Your task >> Take every line from the data that has the word "fill" in it.

Saved entries >>
(* Let $I$ be a $Q$-interval of $\mathcal{P}$ with $D(I)=\{x_1,\ldots,x_r\}$ that is a $b$-nested common interval. Then at most one of the intervals $Int(x_i)$, $1\leq i\leq r$, is $b$-large, and if such an interval exists, it is a $b$-nested common interval.
   Context: Let $n\geq 1$, $K\geq 1$ and let $\mathcal{P}=\{P_1,\ldots,P_K\}$ be permutations of $\{1,\ldots,n\}$ with $P_1=(1,2,\ldots,n)$. For integers $i\leq j$ write $(i..j)=\{i,\ldots,j\}$. A common interval of $\mathcal{P}$ is a set of integers occupying consecutive positions in every $P_k$; all have the form $(i..j)$, and singletons and $(1..n)$ are common. Fix a positive integer $b$. A common interval $I$ is $b$-small if $|I|\leq b$, $b$-large otherwise; it is $b$-nested if $|I|=1$ or $I$ strictly contains a $b$-nested common interval $J$ with $|J|\geq|I|-b$ (recursive on size). Two intervals $(i..j)$, $(k..l)$ overlap if $i<k\leq j<l$ or $k<i\leq l<j$. A common interval is strong if it overlaps no other common interval. The PQ-tree $T$: nodes are the strong common intervals ($Int(x)$ is the interval of node $x$), root $(1..n)$, leaves the singletons, parent of $y$ is the node whose interval is the smallest strong common interval strictly containing $Int(y)$. A node $x$ with children set $D$ is a $P$-node if no union $\bigcup_{z\in D'}Int(z)$, $D'\subset D$, $2\leq|D'|<|D|$, is common; otherwise it is a $Q$-node with children ordered $y_1,\ldots,y_r$ so that $\max Int(y_i)+1=\min Int(y_{i+1})$. It is known that a set is a common interval iff it is $Int(x)$ for a node $x$ or the union of the intervals of consecutive children of a unique $Q$-node. The domain $D(I)$ of a common interval $I$ is the set of children of $x$ if $I=Int(x)$ is strong, and otherwise the set of consecutive children of the $Q$-node whose intervals have union $I$. A $P$-interval is a strong common interval $Int(x)$ with $x$ a $P$-node; all other common intervals are $Q$-intervals. *)

theory Defs
  imports Main
begin

text \<open>A family of permutations of {1..n} is a list Ps of lists; each list is a
permutation (listing the elements in positional order), and the first one is
the identity (1,2,...,n).\<close>

definition perm_family :: "nat \<Rightarrow> nat list list \<Rightarrow> bool" where
  "perm_family n Ps \<longleftrightarrow> n \<ge> 1 \<and> Ps \<noteq> [] \<and> hd Ps = [1..<n+1] \<and>
     (\<forall>P\<in>set Ps. distinct P \<and> set P = {1..n})"

definition consec_in :: "nat list \<Rightarrow> nat set \<Rightarrow> bool" where
  "consec_in P S \<longleftrightarrow> (\<exists>i j. {k. k < length P \<and> P ! k \<in> S} = {i..j})"

definition common :: "nat \<Rightarrow> nat list list \<Rightarrow> nat set \<Rightarrow> bool" where
  "common n Ps S \<longleftrightarrow> S \<noteq> {} \<and> S \<subseteq> {1..n} \<and> (\<forall>P\<in>set Ps. consec_in P S)"

definition overlap :: "nat set \<Rightarrow> nat set \<Rightarrow> bool" where
  "overlap A B \<longleftrightarrow>
     (Min A < Min B \<and> Min B \<le> Max A \<and> Max A < Max B) \<or>
     (Min B < Min A \<and> Min A \<le> Max B \<and> Max B < Max A)"

definition strong :: "nat \<Rightarrow> nat list list \<Rightarrow> nat set \<Rightarrow> bool" where
  "strong n Ps S \<longleftrightarrow> common n Ps S \<and> (\<forall>T. common n Ps T \<longrightarrow> \<not> overlap S T)"

text \<open>Children of a node X of the PQ-tree: strong intervals Y whose parent
(the smallest strong interval strictly containing Y) is X.\<close>
definition children :: "nat \<Rightarrow> nat list list \<Rightarrow> nat set \<Rightarrow> nat set set" where
  "children n Ps X = {Y. strong n Ps Y \<and> Y \<subset> X \<and>
       (\<forall>Z. strong n Ps Z \<and> Y \<subset> Z \<longrightarrow> X \<subseteq> Z)}"

definition Pnode :: "nat \<Rightarrow> nat list list \<Rightarrow> nat set \<Rightarrow> bool" where
  "Pnode n Ps X \<longleftrightarrow> strong n Ps X \<and>
     \<not> (\<exists>D'. D' \<subset> children n Ps X \<and> 2 \<le> card D' \<and> common n Ps (\<Union>D'))"

definition Qnode :: "nat \<Rightarrow> nat list list \<Rightarrow> nat set \<Rightarrow> bool" where
  "Qnode n Ps X \<longleftrightarrow> strong n Ps X \<and> \<not> Pnode n Ps X"

definition Q_interval :: "nat \<Rightarrow> nat list list \<Rightarrow> nat set \<Rightarrow> bool" where
  "Q_interval n Ps I \<longleftrightarrow> common n Ps I \<and> \<not> Pnode n Ps I"

definition is_domain :: "nat \<Rightarrow> nat list list \<Rightarrow> nat set \<Rightarrow> nat set set \<Rightarrow> bool" where
  "is_domain n Ps I D \<longleftrightarrow>
     (strong n Ps I \<and> D = children n Ps I) \<or>
     (common n Ps I \<and> \<not> strong n Ps I \<and>
        (\<exists>X. Qnode n Ps X \<and> D \<subseteq> children n Ps X \<and> \<Union>D = I))"

inductive b_nested :: "nat \<Rightarrow> nat list list \<Rightarrow> nat \<Rightarrow> nat set \<Rightarrow> bool"
  for n Ps b where
  single: "common n Ps I \<Longrightarrow> card I = 1 \<Longrightarrow> b_nested n Ps b I"
| step: "common n Ps I \<Longrightarrow> b_nested n Ps b J \<Longrightarrow> J \<subset> I \<Longrightarrow>
           card I \<le> card J + b \<Longrightarrow> b_nested n Ps b I"

definition b_large :: "nat \<Rightarrow> nat set \<Rightarrow> bool" where
  "b_large b I \<longleftrightarrow> card I > b"

end

theory Submission
  imports Defs
begin

text \<open>The children of a node are pairwise disjoint strong intervals inside the node, so it
  suffices to show: if \<open>I\<close> is \<open>b\<close>-nested, then among pairwise disjoint strong intervals
  contained in \<open>I\<close> at most one is \<open>b\<close>-large, and that one is \<open>b\<close>-nested. Induct on the
  nesting chain \<open>J \<subset> I\<close> with \<open>|I| \<le> |J| + b\<close>. A strong interval meeting \<open>J\<close> either
  contains \<open>J\<close> or is contained in \<open>J\<close>, since it cannot overlap \<open>J\<close>; everything disjoint
  from \<open>J\<close> lies in \<open>I - J\<close>, which has at most \<open>b\<close> elements. If some member contains \<open>J\<close>
  it is the only candidate and is \<open>b\<close>-nested via \<open>J\<close>; otherwise the members meeting \<open>J\<close>
  lie inside \<open>J\<close> and the induction hypothesis applies.\<close>

lemma common_finite: "common n Ps S \<Longrightarrow> finite S"
  unfolding common_def using finite_subset by blast

lemma strong_common: "strong n Ps S \<Longrightarrow> common n Ps S"
  unfolding strong_def by blast

lemma b_nested_common: "b_nested n Ps b I \<Longrightarrow> common n Ps I"
  by (induction rule: b_nested.induct)

text \<open>Consecutiveness in the identity permutation, the head of the family, makes every
  common interval an integer interval.\<close>

lemma common_eq_atLeastAtMost:
  assumes pf: "perm_family n Ps" and c: "common n Ps S"
  shows "S = {Min S..Max S}"
proof -
  have ne: "S \<noteq> {}" and sub: "S \<subseteq> {1..n}" using c unfolding common_def by auto
  have fin: "finite S" using c common_finite by blast
  have "Ps \<noteq> []" "hd Ps = [1..<n+1]" using pf unfolding perm_family_def by blast+
  then have "[1..<n+1] \<in> set Ps" by (metis list.set_sel(1))
  then obtain i j where ij: "{k. k < length [1..<n+1] \<and> [1..<n+1] ! k \<in> S} = {i..j}"
    using c unfolding common_def consec_in_def by metis
  have "{k. k < length [1..<n+1] \<and> [1..<n+1] ! k \<in> S} = {k. k < n \<and> Suc k \<in> S}"
    by (auto simp del: upt_Suc simp add: nth_upt)
  with ij have positions: "{k. k < n \<and> Suc k \<in> S} = {i..j}" by simp
  have mn: "Min S \<in> S" "Max S \<in> S" using fin ne by auto
  with sub have bounds: "1 \<le> Min S" "Max S \<le> n" by auto
  have "Min S \<le> Max S" using fin mn(2) by simp
  have fill: "x \<in> S" if x: "Min S \<le> x" "x \<le> Max S" for x
  proof -
    have "Min S - 1 < n" "Max S - 1 < n" "Suc (Min S - 1) \<in> S" "Suc (Max S - 1) \<in> S"
      using mn bounds \<open>Min S \<le> Max S\<close> by simp_all
    then have "Min S - 1 \<in> {i..j}" "Max S - 1 \<in> {i..j}"
      unfolding positions[symmetric] by blast+
    with x have "x - 1 \<in> {i..j}" by auto
    then have "Suc (x - 1) \<in> S" unfolding positions[symmetric] by blast
    with x bounds show "x \<in> S" by simp
  qed
  show ?thesis
  proof
    show "S \<subseteq> {Min S..Max S}" using fin by auto
    show "{Min S..Max S} \<subseteq> S" using fill by auto
  qed
qed

lemma strong_subset_if_meets_common:
  assumes pf: "perm_family n Ps" and cJ: "common n Ps J" and sY: "strong n Ps Y"
    and meet: "J \<inter> Y \<noteq> {}" and not_sub: "\<not> J \<subseteq> Y"
  shows "Y \<subseteq> J"
proof -
  have J: "J = {Min J..Max J}" and Y: "Y = {Min Y..Max Y}"
    using common_eq_atLeastAtMost[OF pf] cJ strong_common[OF sY] by blast+
  from meet obtain e where "e \<in> J" "e \<in> Y" by blast
  then have "Min J \<le> e" "e \<le> Max J" "Min Y \<le> e" "e \<le> Max Y"
    using J Y by (metis atLeastAtMost_iff)+
  moreover have "Min J < Min Y \<or> Max Y < Max J"
    using not_sub J Y by (metis atLeastatMost_subset_iff linorder_not_le)
  moreover have "\<not> overlap Y J" using sY cJ unfolding strong_def by blast
  ultimately have "Min J \<le> Min Y" "Max Y \<le> Max J" unfolding overlap_def by linarith+
  then show ?thesis using J Y by (metis atLeastatMost_subset_iff)
qed

lemma children_disjoint:
  assumes pf: "perm_family n Ps"
    and Y1: "Y1 \<in> children n Ps X" and Y2: "Y2 \<in> children n Ps X" and ne: "Y1 \<noteq> Y2"
  shows "Y1 \<inter> Y2 = {}"
proof (rule ccontr)
  assume meet: "Y1 \<inter> Y2 \<noteq> {}"
  have no_strict_sub: "\<not> Y \<subset> Y'" if "Y \<in> children n Ps X" "Y' \<in> children n Ps X" for Y Y'
    using that unfolding children_def by blast
  have "Y1 \<subseteq> Y2 \<or> Y2 \<subseteq> Y1"
    using strong_subset_if_meets_common[OF pf, of Y1 Y2] meet Y1 Y2
    unfolding children_def strong_def by blast
  with ne no_strict_sub[OF Y1 Y2] no_strict_sub[OF Y2 Y1] show False by blast
qed

lemma is_domain_children:
  assumes "is_domain n Ps I D"
  obtains X where "D \<subseteq> children n Ps X" "\<Union>D \<subseteq> I"
  using assms unfolding is_domain_def children_def by blast

lemma not_b_large_if_subset_Diff:
  assumes fin: "finite I" and JI: "J \<subseteq> I" and card_I: "card I \<le> card J + b"
    and Y: "Y \<subseteq> I - J"
  shows "\<not> b_large b Y"
proof -
  have "card Y \<le> card (I - J)" using Y fin by (simp add: card_mono)
  also have "\<dots> = card I - card J" using JI fin by (meson card_Diff_subset finite_subset)
  finally show ?thesis using card_I unfolding b_large_def by linarith
qed

lemma b_nested_disjoint_strong_subsets:
  assumes pf: "perm_family n Ps" and nested: "b_nested n Ps b I"
    and strong: "\<forall>Y\<in>D. strong n Ps Y" and sub: "\<Union>D \<subseteq> I"
    and disj: "\<forall>Y\<in>D. \<forall>Y'\<in>D. Y \<noteq> Y' \<longrightarrow> Y \<inter> Y' = {}"
  shows "(\<forall>Y\<in>D. \<forall>Y'\<in>D. b_large b Y \<and> b_large b Y' \<longrightarrow> Y = Y') \<and>
         (\<forall>Y\<in>D. b_large b Y \<longrightarrow> b_nested n Ps b Y)"
  using nested strong sub disj
proof (induction I arbitrary: D rule: b_nested.induct)
  case (single I)
  have "Y = I" if "Y \<in> D" for Y
  proof -
    have "Y \<noteq> {}" using that single.prems(1) unfolding strong_def common_def by blast
    moreover have "Y \<subseteq> I" using that single.prems(2) by blast
    ultimately show "Y = I" using single.hyps(2) by (metis card_1_singletonE subset_singletonD)
  qed
  with b_nested.single[OF single.hyps] show ?case by metis
next
  case (step I J)
  have fin: "finite I" using step.hyps(1) by (rule common_finite)
  have small: "\<not> b_large b Y" if "Y \<subseteq> I - J" for Y
    using not_b_large_if_subset_Diff[OF fin _ step.hyps(4) that] step.hyps(3) by blast
  show ?case
  proof (cases "\<exists>Y0\<in>D. J \<subseteq> Y0")
    case True
    then obtain Y0 where Y0: "Y0 \<in> D" "J \<subseteq> Y0" by blast
    have others_small: "\<not> b_large b Y" if "Y \<in> D" "Y \<noteq> Y0" for Y
    proof (rule small)
      show "Y \<subseteq> I - J" using step.prems(2,3) that Y0 by blast
    qed
    have "b_nested n Ps b Y0"
    proof (cases "J = Y0")
      case False
      have "Y0 \<subseteq> I" using Y0(1) step.prems(2) by blast
      with fin have "card Y0 \<le> card I" by (rule card_mono)
      with step.hyps(4) have "card Y0 \<le> card J + b" by linarith
      moreover have "common n Ps Y0" using Y0(1) step.prems(1) strong_common by blast
      ultimately show ?thesis using b_nested.step step.hyps(2) Y0(2) False by blast
    qed (use step.hyps(2) in simp)
    with others_small Y0(1) show ?thesis by metis
  next
    case False
    define D' where "D' = {Y\<in>D. Y \<inter> J \<noteq> {}}"
    have "Y \<subseteq> J" if "Y \<in> D'" for Y
    proof (rule strong_subset_if_meets_common[OF pf b_nested_common[OF step.hyps(2)]])
      show "strong n Ps Y" "J \<inter> Y \<noteq> {}" using that step.prems(1) unfolding D'_def by auto
      show "\<not> J \<subseteq> Y" using that False unfolding D'_def by blast
    qed
    then have IH: "(\<forall>Y\<in>D'. \<forall>Y'\<in>D'. b_large b Y \<and> b_large b Y' \<longrightarrow> Y = Y') \<and>
        (\<forall>Y\<in>D'. b_large b Y \<longrightarrow> b_nested n Ps b Y)"
      using step.prems(1,3) by (intro step.IH) (auto simp: D'_def)
    have "\<not> b_large b Y" if "Y \<in> D" "Y \<notin> D'" for Y
      using small that step.prems(2) unfolding D'_def by blast
    with IH show ?thesis by metis
  qed
qed

theorem lemma4:
  fixes n b :: nat and Ps :: "nat list list" and I :: "nat set" and D :: "nat set set"
  assumes "perm_family n Ps"
    and "b > 0"
    and "Q_interval n Ps I"
    and "is_domain n Ps I D"
    and "b_nested n Ps b I"
  shows "(\<forall>Y\<in>D. \<forall>Y'\<in>D. b_large b Y \<and> b_large b Y' \<longrightarrow> Y = Y') \<and>
         (\<forall>Y\<in>D. b_large b Y \<longrightarrow> b_nested n Ps b Y)"
proof -
  obtain X where X: "D \<subseteq> children n Ps X" "\<Union>D \<subseteq> I"
    using is_domain_children[OF assms(4)] .
  have "\<forall>Y\<in>D. strong n Ps Y" using X(1) unfolding children_def by blast
  moreover have "\<forall>Y\<in>D. \<forall>Y'\<in>D. Y \<noteq> Y' \<longrightarrow> Y \<inter> Y' = {}"
    using X(1) children_disjoint[OF assms(1)] by blast
  ultimately show ?thesis
    using b_nested_disjoint_strong_subsets[OF assms(1,5)] X(2) by blast
qed

end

Written response >>
  have fill: "x \<in> S" if x: "Min S \<le> x" "x \<le> Max S" for x
    show "{Min S..Max S} \<subseteq> S" using fill by auto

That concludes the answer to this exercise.